In summary, maintaining a consistent time concept is vital in the digital audio world. The three modes provided by USB audio—synchronous, asynchronous, and adaptive—each play their part in ensuring synchronization between the host and peripheral devices, with asynchronous mode being more reliable due to the external clock source.

Complex Devices: Precise Choices for Multiple Clocks¶

In complex devices like mixers, multiple devices may provide sample rates through different interfaces. USB audio allows designers to deploy clock selectors to choose the input clock source from multiple inputs (such as the input clock from S/PDIF connections, local oscillators, and input clocks from ADAT connections). Users can select the input clock source, such as the one from S/PDIF connections, through control transfer.

Compliance Support: A Smooth Bridge for System Integration¶

In terms of compliance and native support, adhering to the USB Audio Class 2.0 standard ensures seamless integration between devices and operating systems, allowing easy control of parameters such as volume and sample rate through standard operating system dialog boxes.

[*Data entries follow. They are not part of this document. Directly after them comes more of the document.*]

(* Let $Q=[u_1,\dots,u_{2n}]\subset\mathbb{S}^2$ with $2n\ge 6$ be a spherical polygon which is symmetric, i.e. $u_{i+n}=-u_i$ for all $i$. Let $D^+$ be the number of self-intersections of $Q$ and $I$ the number of inflections of $Q$. Then $2D^++I\ge 6$.
   Context: A spherical polygon $Q=[u_1,\dots,u_m]$ is a cyclic sequence of points of $\mathbb{S}^2$ (indices mod $m$) whose edges are the minimal great-circle arcs from $u_i$ to $u_{i+1}$. Standing assumption: no three vertices of $Q$ lie on a common great circle. A self-intersection is a pair of non-adjacent edges that intersect. With $[a,b,c]$ the determinant of $a,b,c\in\mathbb{R}^3$, the pair $\{u_i,u_{i+1}\}$ is an inflection if $[u_{i-1},u_i,u_{i+1}]$ and $[u_i,u_{i+1},u_{i+2}]$ have opposite signs. *)

theory Defs
  imports "HOL-Analysis.Analysis"
begin

definition det3 :: "real^3 \<Rightarrow> real^3 \<Rightarrow> real^3 \<Rightarrow> real" where
  "det3 a b c = a \<bullet> (cross3 b c)"

text \<open>Minimal great-circle arc from a to b (for non-antipodal unit vectors a, b):
  the radial projection onto the sphere of the chord from a to b.\<close>
definition sph_arc :: "real^3 \<Rightarrow> real^3 \<Rightarrow> (real^3) set" where
  "sph_arc a b = {sgn ((1 - t) *\<^sub>R a + t *\<^sub>R b) | t. 0 \<le> t \<and> t \<le> 1}"

definition pedge :: "nat \<Rightarrow> (nat \<Rightarrow> real^3) \<Rightarrow> nat \<Rightarrow> (real^3) set" where
  "pedge m u i = sph_arc (u (i mod m)) (u (Suc i mod m))"

text \<open>Edges i, j (with i < j < m) are adjacent iff j = i+1 or (i = 0 and j = m-1).\<close>
definition self_intersections :: "nat \<Rightarrow> (nat \<Rightarrow> real^3) \<Rightarrow> (nat \<times> nat) set" where
  "self_intersections m u =
     {(i, j). i < j \<and> j < m \<and> j \<noteq> Suc i \<and> \<not> (i = 0 \<and> j = m - 1)
              \<and> pedge m u i \<inter> pedge m u j \<noteq> {}}"

text \<open>Index i < m marks an inflection {u_i, u_(i+1)}:
  [u_(i-1), u_i, u_(i+1)] and [u_i, u_(i+1), u_(i+2)] have opposite signs.\<close>
definition inflections :: "nat \<Rightarrow> (nat \<Rightarrow> real^3) \<Rightarrow> nat set" where
  "inflections m u =
     {i. i < m \<and>
         det3 (u ((i + m - 1) mod m)) (u (i mod m)) (u (Suc i mod m)) *
         det3 (u (i mod m)) (u (Suc i mod m)) (u ((i + 2) mod m)) < 0}"

end

(*
  Write t i = [u (i - 1), u i, u (i + 1)]. Symmetry gives t (i + n) = - t i, so the
  signs of t change at least twice, and self-intersections come in antipodal pairs: edge i + n is
  the antipode of edge i and never meets it. Hence 2 D+ + I >= 4 + 2 if D+ > 0. If Q is simple,
  start after a sign change t a < 0 < t (a + 1). The turns t (a + 1), ..., t (a + n - 1) cannot
  all be positive: otherwise u a, ..., u (a + n) = - u a would be a left-turning chain ending at
  the antipode of its start, and every such chain has two crossing non-adjacent edges (induction
  on its length, cutting off the first triangle). So each half of Q has three sign changes.
*)
theory Submission
  imports Defs
begin

section \<open>Triple products\<close>

lemma det3_coordinates:
  "det3 a b c = a$1 * (b$2 * c$3 - b$3 * c$2) + a$2 * (b$3 * c$1 - b$1 * c$3)
    + a$3 * (b$1 * c$2 - b$2 * c$1)"
  unfolding det3_def cross3_def by (simp add: inner_vec_def sum_3 algebra_simps)

lemma det3_rotate: "det3 a b c = det3 b c a"
  by (simp add: det3_coordinates algebra_simps)

lemma det3_swap: "det3 a b c = - det3 b a c"
  by (simp add: det3_coordinates algebra_simps)

lemma det3_linear [simp]:
  "det3 (x + y) b c = det3 x b c + det3 y b c"
  "det3 a (x + y) c = det3 a x c + det3 a y c"
  "det3 a b (x + y) = det3 a b x + det3 a b y"
  "det3 (x - y) b c = det3 x b c - det3 y b c"
  "det3 a (x - y) c = det3 a x c - det3 a y c"
  "det3 a b (x - y) = det3 a b x - det3 a b y"
  "det3 (r *\<^sub>R x) b c = r * det3 x b c"
  "det3 a (r *\<^sub>R x) c = r * det3 a x c"
  "det3 a b (r *\<^sub>R x) = r * det3 a b x"
  "det3 (- x) b c = - det3 x b c"
  "det3 a (- x) c = - det3 a x c"
  "det3 a b (- x) = - det3 a b x"
  by (simp_all add: det3_coordinates algebra_simps)

lemma det3_degenerate [simp]:
  "det3 a a c = 0" "det3 a b a = 0" "det3 a b b = 0"
  "det3 0 b c = 0" "det3 a 0 c = 0" "det3 a b 0 = 0"
  by (simp_all add: det3_coordinates algebra_simps)

lemma det3_cramer:
  "det3 a b c *\<^sub>R x = det3 b c x *\<^sub>R a + det3 c a x *\<^sub>R b + det3 a b x *\<^sub>R c"
  by (simp add: vec_eq_iff forall_3 det3_coordinates algebra_simps)

lemma det3_nonzero_imp_independent:
  assumes "det3 a b c \<noteq> 0" "\<alpha> *\<^sub>R a + \<beta> *\<^sub>R b = 0"
  shows "\<alpha> = 0" "\<beta> = 0"
proof -
  have "det3 (\<alpha> *\<^sub>R a + \<beta> *\<^sub>R b) b c = 0" "det3 a (\<alpha> *\<^sub>R a + \<beta> *\<^sub>R b) c = 0"
    using assms(2) by simp_all
  then show "\<alpha> = 0" "\<beta> = 0"
    using assms(1) by simp_all
qed

section \<open>Spherical arcs and their cones\<close>

text \<open>The arc sph_arc a b consists of the normalised nonzero points of arc_cone a b
  (lemma sgn_in_sph_arc), so whether two arcs meet can be decided linearly, with cones.\<close>

definition arc_cone :: "real^3 \<Rightarrow> real^3 \<Rightarrow> (real^3) set" where
  "arc_cone a b = {\<alpha> *\<^sub>R a + \<beta> *\<^sub>R b | \<alpha> \<beta>. 0 \<le> \<alpha> \<and> 0 \<le> \<beta>}"

definition cones_meet :: "real^3 \<Rightarrow> real^3 \<Rightarrow> real^3 \<Rightarrow> real^3 \<Rightarrow> bool" where
  "cones_meet a b c d \<longleftrightarrow> (\<exists>Z. Z \<noteq> 0 \<and> Z \<in> arc_cone a b \<and> Z \<in> arc_cone c d)"

lemma arc_cone_commute: "arc_cone a b = arc_cone b a"
  unfolding arc_cone_def by (metis (no_types, opaque_lifting) add.commute)

lemma arc_coneI: "0 \<le> \<alpha> \<Longrightarrow> 0 \<le> \<beta> \<Longrightarrow> \<alpha> *\<^sub>R a + \<beta> *\<^sub>R b \<in> arc_cone a b"
  unfolding arc_cone_def by blast

lemma arc_coneE:
  assumes "Z \<in> arc_cone a b"
  obtains \<alpha> \<beta> where "0 \<le> \<alpha>" "0 \<le> \<beta>" "Z = \<alpha> *\<^sub>R a + \<beta> *\<^sub>R b"
  using assms unfolding arc_cone_def by blast

lemma generator_in_arc_cone: "a \<in> arc_cone a b" "b \<in> arc_cone a b"
  using arc_coneI[of 1 0 a b] arc_coneI[of 0 1 a b] by simp_all

lemma arc_cone_scaleR: "0 \<le> r \<Longrightarrow> v \<in> arc_cone a b \<Longrightarrow> r *\<^sub>R v \<in> arc_cone a b"
  by (auto elim!: arc_coneE intro!: arc_coneI simp: scaleR_add_right)

lemma arc_cone_pointed:
  assumes "det3 a b c \<noteq> 0" "v \<in> arc_cone a b" "w \<in> arc_cone a b" "v + w = 0"
  shows "v = 0"
proof -
  obtain \<alpha> \<beta> \<gamma> \<delta> where "0 \<le> \<alpha>" "0 \<le> \<beta>" "0 \<le> \<gamma>" "0 \<le> \<delta>"
    and v: "v = \<alpha> *\<^sub>R a + \<beta> *\<^sub>R b" and w: "w = \<gamma> *\<^sub>R a + \<delta> *\<^sub>R b"
    using assms(2,3) by (auto elim!: arc_coneE)
  have "(\<alpha> + \<gamma>) *\<^sub>R a + (\<beta> + \<delta>) *\<^sub>R b = 0"
    using assms(4) unfolding v w by (simp add: algebra_simps)
  then have "\<alpha> + \<gamma> = 0" "\<beta> + \<delta> = 0"
    using det3_nonzero_imp_independent[OF assms(1)] by blast+
  then have "\<alpha> = 0" "\<beta> = 0"
    using \<open>0 \<le> \<alpha>\<close> \<open>0 \<le> \<beta>\<close> \<open>0 \<le> \<gamma>\<close> \<open>0 \<le> \<delta>\<close> by linarith+
  then show ?thesis
    unfolding v by simp
qed

lemma segment_to_generator_in_arc_cone:
  assumes "det3 a b c \<noteq> 0" "Y \<in> arc_cone a b" "B \<in> {a, b}" "0 < t" "t \<le> 1"
  shows "(1 - t) *\<^sub>R Y + t *\<^sub>R B \<in> arc_cone a b" "(1 - t) *\<^sub>R Y + t *\<^sub>R B \<noteq> 0"
proof -
  obtain \<alpha> \<beta> where "0 \<le> \<alpha>" "0 \<le> \<beta>" and Y: "Y = \<alpha> *\<^sub>R a + \<beta> *\<^sub>R b"
    using assms(2) by (rule arc_coneE)
  have "0 \<le> (1 - t) * \<alpha>" "0 \<le> (1 - t) * \<beta>"
    using \<open>0 \<le> \<alpha>\<close> \<open>0 \<le> \<beta>\<close> \<open>t \<le> 1\<close> by simp_all
  then obtain \<alpha>' \<beta>' where "0 \<le> \<alpha>'" "0 \<le> \<beta>'" "0 < \<alpha>' \<or> 0 < \<beta>'"
    and Z: "(1 - t) *\<^sub>R Y + t *\<^sub>R B = \<alpha>' *\<^sub>R a + \<beta>' *\<^sub>R b"
  proof (cases "B = a")
    case True
    show thesis
      by (rule that[of "(1 - t) * \<alpha> + t" "(1 - t) * \<beta>"])
        (use \<open>0 \<le> (1 - t) * \<alpha>\<close> \<open>0 \<le> (1 - t) * \<beta>\<close> \<open>0 < t\<close> in \<open>auto simp: Y True algebra_simps\<close>)
  next
    case False
    then have "B = b" using assms(3) by simp
    show thesis
      by (rule that[of "(1 - t) * \<alpha>" "(1 - t) * \<beta> + t"])
        (use \<open>0 \<le> (1 - t) * \<alpha>\<close> \<open>0 \<le> (1 - t) * \<beta>\<close> \<open>0 < t\<close> in \<open>auto simp: Y \<open>B = b\<close> algebra_simps\<close>)
  qed
  show "(1 - t) *\<^sub>R Y + t *\<^sub>R B \<in> arc_cone a b"
    unfolding Z by (rule arc_coneI) fact+
  show "(1 - t) *\<^sub>R Y + t *\<^sub>R B \<noteq> 0"
    using det3_nonzero_imp_independent[OF assms(1), of \<alpha>' \<beta>'] \<open>0 < \<alpha>' \<or> 0 < \<beta>'\<close>
    unfolding Z by auto
qed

The Outstanding Contributions of USB Audio¶

In conclusion, leveraging the robust advantages of high-speed USB 2.0, USB Audio Class 2.0 successfully establishes a low-latency transmission bridge between PCs and audio devices, ensuring high throughput and excellent sound quality. Its applicability spans a wide range, serving various devices from complex mixers to surround sound systems, PC speakers, and microphones, injecting continuous vitality and potential into the development of the audio field.